Will argues that effective engineering teams should be "abstracted" away from their individual members. I hadn't heard this phrasing before, but it definitely resonates. In order to have a high-functioning team, it has to have enough people that a single one leaving, taking vacation, or having a bad week won't effect the team's overall output.

His general rules...

  1. teams should be six-to-eight during steady state
  2. to create a new team, grow an existing team to eight to ten
  3. never create empty teams
  4. never leave managers supporting more than eight individuals

For managers of managers, the director should be able to support 4-6 different managers.

On-call rotations should be 8 people. If you ever have fewer than 8 people on an on-call rotation, it's worth trying to split it between two teams.

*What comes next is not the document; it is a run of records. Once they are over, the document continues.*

lemma sum_adj_tensor_eq_sum_edges:
  fixes x :: "'v \<Rightarrow> complex"
  assumes "finite W" and uniform: "\<forall>f\<in>F. f \<subseteq> W \<and> card f = k" and "k \<ge> 1"
  shows "(\<Sum>ys\<in>{ys. length ys = k - 1 \<and> set ys \<subseteq> W}. adj_tensor k F (i # ys) * prod_list (map x ys))
       = (\<Sum>f\<in>{f\<in>F. i \<in> f}. prod x (f - {i}))"
proof -
  let ?c = "1 / of_nat (fact (k - 1)) :: complex"
  let ?L = "{ys. length ys = k - 1 \<and> set ys \<subseteq> W}"
  let ?edges = "{f\<in>F. i \<in> f}"
  have "finite ?L"
    using finite_lists_length_eq[OF \<open>finite W\<close>, of "k - 1"] by (simp add: conj_commute)
  have "(\<Sum>ys\<in>?L. adj_tensor k F (i # ys) * prod_list (map x ys))
      = (\<Sum>ys\<in>?L. if set (i # ys) \<in> F then ?c * prod_list (map x ys) else 0)"
    by (intro sum.cong) (auto simp: adj_tensor_def)
  also have "\<dots> = (\<Sum>ys\<in>{ys\<in>?L. set (i # ys) \<in> F}. ?c * prod_list (map x ys))"
    by (rule sum.inter_filter[OF \<open>finite ?L\<close>, symmetric])
  also have "{ys\<in>?L. set (i # ys) \<in> F} = (\<Union>f\<in>?edges. permutations_of_set (f - {i}))"
    using index_lists_through_edges[OF uniform \<open>k \<ge> 1\<close>, of i] by (simp add: conj_assoc)
  also have "(\<Sum>ys\<in>\<dots>. ?c * prod_list (map x ys))
      = (\<Sum>f\<in>?edges. \<Sum>ys\<in>permutations_of_set (f - {i}). ?c * prod_list (map x ys))"
  proof (rule sum.UNION_disjoint)
    show "finite ?edges"
      using finite_subset[of F "Pow W"] uniform \<open>finite W\<close> by (simp add: subset_iff)
    show "\<forall>f\<in>?edges. \<forall>g\<in>?edges. f \<noteq> g \<longrightarrow>
        permutations_of_set (f - {i}) \<inter> permutations_of_set (g - {i}) = {}"
    proof (intro ballI impI)
      fix f g assume "f \<in> ?edges" "g \<in> ?edges" "f \<noteq> g"
      then have "f - {i} \<noteq> g - {i}" by (metis (no_types, lifting) insert_Diff mem_Collect_eq)
      then show "permutations_of_set (f - {i}) \<inter> permutations_of_set (g - {i}) = {}"
        by (auto simp: permutations_of_set_def)
    qed
  qed simp
  also have "\<dots> = (\<Sum>f\<in>?edges. prod x (f - {i}))"
  proof (rule sum.cong[OF refl])
    fix f assume f: "f \<in> ?edges"
    then have "card f = k" "i \<in> f" using uniform by auto
    then have "finite f" "card (f - {i}) = k - 1"
      using \<open>k \<ge> 1\<close> by (simp_all add: card_ge_0_finite card_Diff_singleton)
    moreover have "prod_list (map x ys) = prod x (f - {i})" if "ys \<in> permutations_of_set (f - {i})" for ys
      using that prod.distinct_set_conv_list[of ys x] by (simp add: permutations_of_set_def)
    ultimately show "(\<Sum>ys\<in>permutations_of_set (f - {i}). ?c * prod_list (map x ys)) = prod x (f - {i})"
      by simp
  qed
  finally show ?thesis .
qed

This goes a little bit against the advice we noticed at Segment. I'd say optimal teams were something like ~5 engineers, but admittedly that tended to leave room for leaky abstractions (individual engineers mattered a lot more) and a spiky maintenance load.

Operating modes

Will has a good framing for the modes that teams tend to exist in, and proposed methods for getting them to stage four.

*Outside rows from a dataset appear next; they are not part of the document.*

(* Let $X$ be a set of cardinality at least $2^{\aleph_0}$, considered as a discrete topological space. Then for every formula $A$ of $\mathcal{L}_\nabla$: (i) if $X\vDash_{i\mathbf{ST}}A$ then $i\mathbf{STL}\vdash A$; (ii) if $X\vDash_{i\mathbf{ST}(F)}A$ then $i\mathbf{STL}(F)\vdash A$; (iii) if $X\vDash_{i\mathbf{ST}(wF)}A$ then $i\mathbf{STL}(wF)\vdash A$.
   Context: Formulas of $\mathcal{L}_\nabla$ are built from variables and constants $1,\top,\bot$ by $\wedge,\vee,\otimes,\to$ and unary $\nabla$. Sequents $\Gamma\Rightarrow A$ have $\Gamma$ a finite sequence; $\nabla\Gamma$ applies $\nabla$ to each member; "$L\vdash A$" means $L$ derives $\Rightarrow A$. $\mathbf{STL}$ has axioms $A\Rightarrow A$, $\Rightarrow1$, $\nabla1\Rightarrow1$, $\Gamma\Rightarrow\top$, $\Gamma,\bot,\Sigma\Rightarrow A$ and rules (premises / conclusion): cut: $\Gamma\Rightarrow A$, $\Pi,A,\Sigma\Rightarrow B$ / $\Pi,\Gamma,\Sigma\Rightarrow B$; $L\wedge$: $\Gamma,A,\Sigma\Rightarrow C$ / $\Gamma,A\wedge B,\Sigma\Rightarrow C$ and $\Gamma,B,\Sigma\Rightarrow C$ / $\Gamma,A\wedge B,\Sigma\Rightarrow C$; $R\wedge$: $\Gamma\Rightarrow A$, $\Gamma\Rightarrow B$ / $\Gamma\Rightarrow A\wedge B$; $L\vee$: $\Gamma,A,\Sigma\Rightarrow C$, $\Gamma,B,\Sigma\Rightarrow C$ / $\Gamma,A\vee B,\Sigma\Rightarrow C$; $R\vee$: $\Gamma\Rightarrow A$ / $\Gamma\Rightarrow A\vee B$ and $\Gamma\Rightarrow B$ / $\Gamma\Rightarrow A\vee B$; $L1$: $\Gamma,\Sigma\Rightarrow A$ / $\Gamma,1,\Sigma\Rightarrow A$; $L\otimes$: $\Gamma,A,B,\Sigma\Rightarrow C$ / $\Gamma,A\otimes B,\Sigma\Rightarrow C$; $R\otimes$: $\Gamma\Rightarrow A$, $\Sigma\Rightarrow B$ / $\Gamma,\Sigma\Rightarrow A\otimes B$; $(\nabla)$: $A\Rightarrow B$ / $\nabla A\Rightarrow\nabla B$; Oplax: $\nabla A,\nabla B\Rightarrow C$ / $\nabla(A\otimes B)\Rightarrow C$; $L\to$: $\Gamma\Rightarrow A$, $\Pi,B,\Sigma\Rightarrow C$ / $\Pi,\Gamma,\nabla(A\to B),\Sigma\Rightarrow C$; $R\to$: $A,\nabla\Gamma\Rightarrow B$ / $\Gamma\Rightarrow A\to B$. Scheme $(F)$: $\Gamma\Rightarrow A$ / $\Gamma\Rightarrow\nabla A$; scheme $(wF)$: $\nabla A\Rightarrow\bot$ / $A\Rightarrow\bot$. $i\mathbf{STL}$ is $\mathbf{STL}$ plus left weakening, contraction and exchange; $i\mathbf{STL}(F)$, $i\mathbf{STL}(wF)$ add the respective scheme. For a space $Z$ and a union-preserving $\nabla:\mathcal{O}(Z)\to\mathcal{O}(Z)$, the implication is $W_1\to W_2=\Box(W_1\Rightarrow W_2)$ with $\Box$ the right adjoint of $\nabla$ and $\Rightarrow$ the Heyting implication (equivalently $W_1\cap\nabla W_2\subseteq W_3$ iff $W_2\subseteq W_1\to W_3$). A valuation of variables in $\mathcal{O}(Z)$ extends by $1,\top\mapsto Z$, $\bot\mapsto\emptyset$, $\wedge,\otimes\mapsto\cap$, $\vee\mapsto\cup$, $\nabla\mapsto\nabla$, $\to\mapsto\to$. $i\mathbf{ST}$ is the class of all such $(\mathcal{O}(Z),\nabla)$, $i\mathbf{ST}(F)$ those with $W\subseteq\nabla W$, $i\mathbf{ST}(wF)$ those with $\nabla W=\emptyset\Rightarrow W=\emptyset$. $Z\vDash_{\mathcal{C}}A$ means $V(A)=Z$ for every $\nabla$ with $(\mathcal{O}(Z),\nabla)\in\mathcal{C}$ and every valuation $V$. *)

theory Defs
  imports Main
begin

datatype fm =
    Var nat
  | One
  | Top
  | Bot
  | And fm fm
  | Or fm fm
  | Tens fm fm
  | Imp fm fm
  | Nab fm

datatype logic = iSTL | iSTL_F | iSTL_wF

  1. Falling behind (add people)
  2. Treading water (reduce scope)
  3. Repaying debt (add time)
  4. Innovating (add slack)

If a team is falling behind, you need to add people to it. That helps it get out of a feeling of never making progress.

If a team is treading water, then reduce the amount of in-progress work, or try and shift the work to another team.

If a team is repaying debt, that is generally a good place to be. The cycle of repaying debt compounds.

If a team is innovating, then you are at the happy part of the spectrum! In this case, ensure you have enough slack to keep innovating and make sure you are emphasizing priority into your work.

Will has the same perspective we tried to achieve at Segment, you shouldn't have teams which are focused solely on innovation vs teams focused on maintenance. Every team should "eat its vegetables".

He explicitly advises hiring new people vs moving people from within the org. He argues that people aren't really fungible, and moving existing hires tends to become political.

In all of these operating modes, the shifts are slow, so you shouldn't expect one mode to switch to another overnight. Instead, it's like a board game, be confident in your bets and your strategy.

Long-lived and shifting scope

Will makes a case that teams should also be long-lived and stable. Several managers at Segment (particularly Gerhard Esterhuizen) really leaned into this idea too.

It's harder to get teams to re-gel than it is to shift scope or workloads between different teams. Instead of shifting people, shift responsibilities.

If many teams are behind, it's not that useful to do a "peanut butter" approach and spread focus across all of them. Instead, try and get one team to a great spot, and then focus on the next team. This will help you get earlier return on investment.

He also advises that hiring happen on one team at a time to limit the team's re-gelling process. This is pretty different than the techniques we employed at Segment, and I'm curious to know how it shifts the culture. But, I can see some merit for it in terms of onboarding.

Building in slack

Will has an interesting idea that most teams should always strive for a certain amount of slack. He argues that teams generally know what to focus on, and having some amount of time which is unspecified allows them to steadily improve tools and processes they own.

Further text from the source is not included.